■ **Work instructions**
Word for word, return the entries listed below.
Start of Provided data
(* Let $\mathcal{P},\mathcal{Q}\in\mathbb{R}[\xi]^{\ell\times n}$ be two real matrix polynomials of the same size. Then there exist unimodular matrix polynomials $\mathcal{U}\in\mathbb{R}[\xi]^{\ell\times\ell}$ and $\mathcal{V}\in\mathbb{R}[\xi]^{n\times n}$, nonnegative integers $r_P,m,q,r_1,\dots,r_q,s_1,\dots,s_q$ with $r_P+m+r_1+\dots+r_q=n$ and $r_P+r_1+\dots+r_q+s_1+\dots+s_q=\ell$, such that the following holds. Partition the columns of $\mathcal{U}\mathcal{P}\mathcal{V}$ and $\mathcal{U}\mathcal{Q}\mathcal{V}$ into consecutive groups $C_P, C_0, C_1,\dots,C_q$ of sizes $r_P,m,r_1,\dots,r_q$, and partition their rows into consecutive groups $R_P,R_1,\dots,R_q,S_1,\dots,S_q$ of sizes $r_P,r_1,\dots,r_q,s_1,\dots,s_q$. Denote by $X[R,C]$ the block of a matrix $X$ in row group $R$ and column group $C$. Then: (a) $(\mathcal{U}\mathcal{P}\mathcal{V})[R_P,C_P]=\Sigma_P$, $(\mathcal{U}\mathcal{P}\mathcal{V})[R_P,C_0]=0$; for every $a$, the blocks of $\mathcal{U}\mathcal{P}\mathcal{V}$ in rows $R_a$ and in rows $S_a$ vanish in the columns $C_P$, $C_0$ and $C_b$ for all $b\le a$ (the blocks in columns $C_b$, $b>a$, and all blocks of row group $R_P$ in columns $C_1,\dots,C_q$ are arbitrary); (b) $(\mathcal{U}\mathcal{Q}\mathcal{V})[R_P,C_P]=\mathcal{Q}_{11}$, $(\mathcal{U}\mathcal{Q}\mathcal{V})[R_P,C_0]=\mathcal{Q}_{12}$ (arbitrary); for every $a$, the blocks of $\mathcal{U}\mathcal{Q}\mathcal{V}$ in rows $R_a$ vanish in the columns $C_P,C_0$ and $C_b$ for $b<a$, and $(\mathcal{U}\mathcal{Q}\mathcal{V})[R_a,C_a]=\Sigma_a$; the blocks in rows $S_a$ vanish in the columns $C_P,C_0$ and $C_b$ for all $b\le a$ (all remaining blocks are arbitrary). Here $\Sigma_P$ is an $r_P\times r_P$ diagonal matrix polynomial and each $\Sigma_a$ is an $r_a\times r_a$ diagonal matrix polynomial $\mathrm{diag}(p_{a,1},\dots,p_{a,r_a})$, all diagonal entries being monic polynomials.
   Context: A square matrix polynomial $\mathcal{M}\in\mathbb{R}[\xi]^{k\times k}$ is called unimodular if $\det \mathcal{M}$ is a nonzero constant. A scalar polynomial is monic if its leading coefficient is $1$. Block groups of size zero are allowed. *)

theory Defs
  imports "HOL-Computational_Algebra.Polynomial" "Jordan_Normal_Form.Determinant"
begin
End of Provided data
■ **Exercise solution**
(* Let $\mathcal{P},\mathcal{Q}\in\mathbb{R}[\xi]^{\ell\times n}$ be two real matrix polynomials of the same size. Then there exist unimodular matrix polynomials $\mathcal{U}\in\mathbb{R}[\xi]^{\ell\times\ell}$ and $\mathcal{V}\in\mathbb{R}[\xi]^{n\times n}$, nonnegative integers $r_P,m,q,r_1,\dots,r_q,s_1,\dots,s_q$ with $r_P+m+r_1+\dots+r_q=n$ and $r_P+r_1+\dots+r_q+s_1+\dots+s_q=\ell$, such that the following holds. Partition the columns of $\mathcal{U}\mathcal{P}\mathcal{V}$ and $\mathcal{U}\mathcal{Q}\mathcal{V}$ into consecutive groups $C_P, C_0, C_1,\dots,C_q$ of sizes $r_P,m,r_1,\dots,r_q$, and partition their rows into consecutive groups $R_P,R_1,\dots,R_q,S_1,\dots,S_q$ of sizes $r_P,r_1,\dots,r_q,s_1,\dots,s_q$. Denote by $X[R,C]$ the block of a matrix $X$ in row group $R$ and column group $C$. Then: (a) $(\mathcal{U}\mathcal{P}\mathcal{V})[R_P,C_P]=\Sigma_P$, $(\mathcal{U}\mathcal{P}\mathcal{V})[R_P,C_0]=0$; for every $a$, the blocks of $\mathcal{U}\mathcal{P}\mathcal{V}$ in rows $R_a$ and in rows $S_a$ vanish in the columns $C_P$, $C_0$ and $C_b$ for all $b\le a$ (the blocks in columns $C_b$, $b>a$, and all blocks of row group $R_P$ in columns $C_1,\dots,C_q$ are arbitrary); (b) $(\mathcal{U}\mathcal{Q}\mathcal{V})[R_P,C_P]=\mathcal{Q}_{11}$, $(\mathcal{U}\mathcal{Q}\mathcal{V})[R_P,C_0]=\mathcal{Q}_{12}$ (arbitrary); for every $a$, the blocks of $\mathcal{U}\mathcal{Q}\mathcal{V}$ in rows $R_a$ vanish in the columns $C_P,C_0$ and $C_b$ for $b<a$, and $(\mathcal{U}\mathcal{Q}\mathcal{V})[R_a,C_a]=\Sigma_a$; the blocks in rows $S_a$ vanish in the columns $C_P,C_0$ and $C_b$ for all $b\le a$ (all remaining blocks are arbitrary). Here $\Sigma_P$ is an $r_P\times r_P$ diagonal matrix polynomial and each $\Sigma_a$ is an $r_a\times r_a$ diagonal matrix polynomial $\mathrm{diag}(p_{a,1},\dots,p_{a,r_a})$, all diagonal entries being monic polynomials.
   Context: A square matrix polynomial $\mathcal{M}\in\mathbb{R}[\xi]^{k\times k}$ is called unimodular if $\det \mathcal{M}$ is a nonzero constant. A scalar polynomial is monic if its leading coefficient is $1$. Block groups of size zero are allowed. *)

theory Defs
  imports "HOL-Computational_Algebra.Polynomial" "Jordan_Normal_Form.Determinant"
begin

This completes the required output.